[Collected data entries]
(* Let $\mathcal A=\{A_s\}_{s\in\mathbf S}\subset CQ(\mathbf X,\mathcal H)$ be an AVcqC ($\mathbf S$ finite) with $C_{A,d}(\mathcal A)>0$, and let $0<R<C_{A,d}(\mathcal A)$. For every sequence of $(l,M_l)$ codes $(x_i^l,D_i^l)_{i=1}^{M_l}$ with $\liminf_l\frac1l\log M_l\ge R$ and $\lim_{l\to\infty}\min_{i\in[M_l]}\min_{s^l\in\mathbf S^l}\mathrm{tr}(A_{s^l}(x_i^l)D_i^l)=1$, there is another sequence of $(l,M_l)$ codes $(x_i^l,\tilde D_i^l)_{i=1}^{M_l}$ with the same codewords and modified decoding operators such that (1) $\liminf_l\frac1l\log M_l\ge R$; (2) $\lim_{l\to\infty}\min_{i\in[M_l]}\min_{s^l\in\mathbf S^l}\mathrm{tr}(A_{s^l}(x_i^l)\tilde D_i^l)=1$; (3) for all $l\in\mathbb N$, $i\in[M_l]$ and $s^l\in\mathbf S^l$: $\mathrm{tr}(A_{s^l}(x_i^l)\tilde D_i^l)<1$.
   Context: $\mathbf X$ finite, $\mathcal H$ finite-dimensional, $CQ(\mathbf X,\mathcal H)$ the maps $\mathbf X\to\mathcal S(\mathcal H)$; $A_{s^l}(x^l)=\bigotimes_iA_{s_i}(x_i)$. An $(l,M)$ code is $(x_i^l,D_i^l)_{i=1}^M$, $x_i^l\in\mathbf X^l$, $D_i^l\ge0$, $\sum_iD_i^l\le\mathbf 1$. $C_{A,d}(\mathcal A)$ is the supremum of rates $R'$ achievable by such codes with $\liminf_l\frac1l\log M_l\ge R'$ and $\lim_l\max_{s^l}\max_i\mathrm{tr}(A_{s^l}(x_i^l)(\mathbf 1-D_i^l))=0$ (maximal error criterion). *)

theory Defs
  imports "HOL-Analysis.Analysis"
begin

text \<open>Finite-dimensional Hilbert space H = C^d with computational basis indexed by {..<d}.
  The l-fold tensor power H^{\<otimes>l} has basis indexed by the words of length l over {..<d};
  operators on it are represented by their matrices, i.e. functions on pairs of such words.\<close>

type_synonym op = "nat list \<Rightarrow> nat list \<Rightarrow> complex"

◆ **Required work**: Find the line with "text \<open>Finite-dimensional Hilbert". Transcribe it and every line after it exactly, through the end of the records above, and nothing else.

◆ **Written response**:
text \<open>Finite-dimensional Hilbert space H = C^d with computational basis indexed by {..<d}.
  The l-fold tensor power H^{\<otimes>l} has basis indexed by the words of length l over {..<d};
  operators on it are represented by their matrices, i.e. functions on pairs of such words.\<close>

type_synonym op = "nat list \<Rightarrow> nat list \<Rightarrow> complex"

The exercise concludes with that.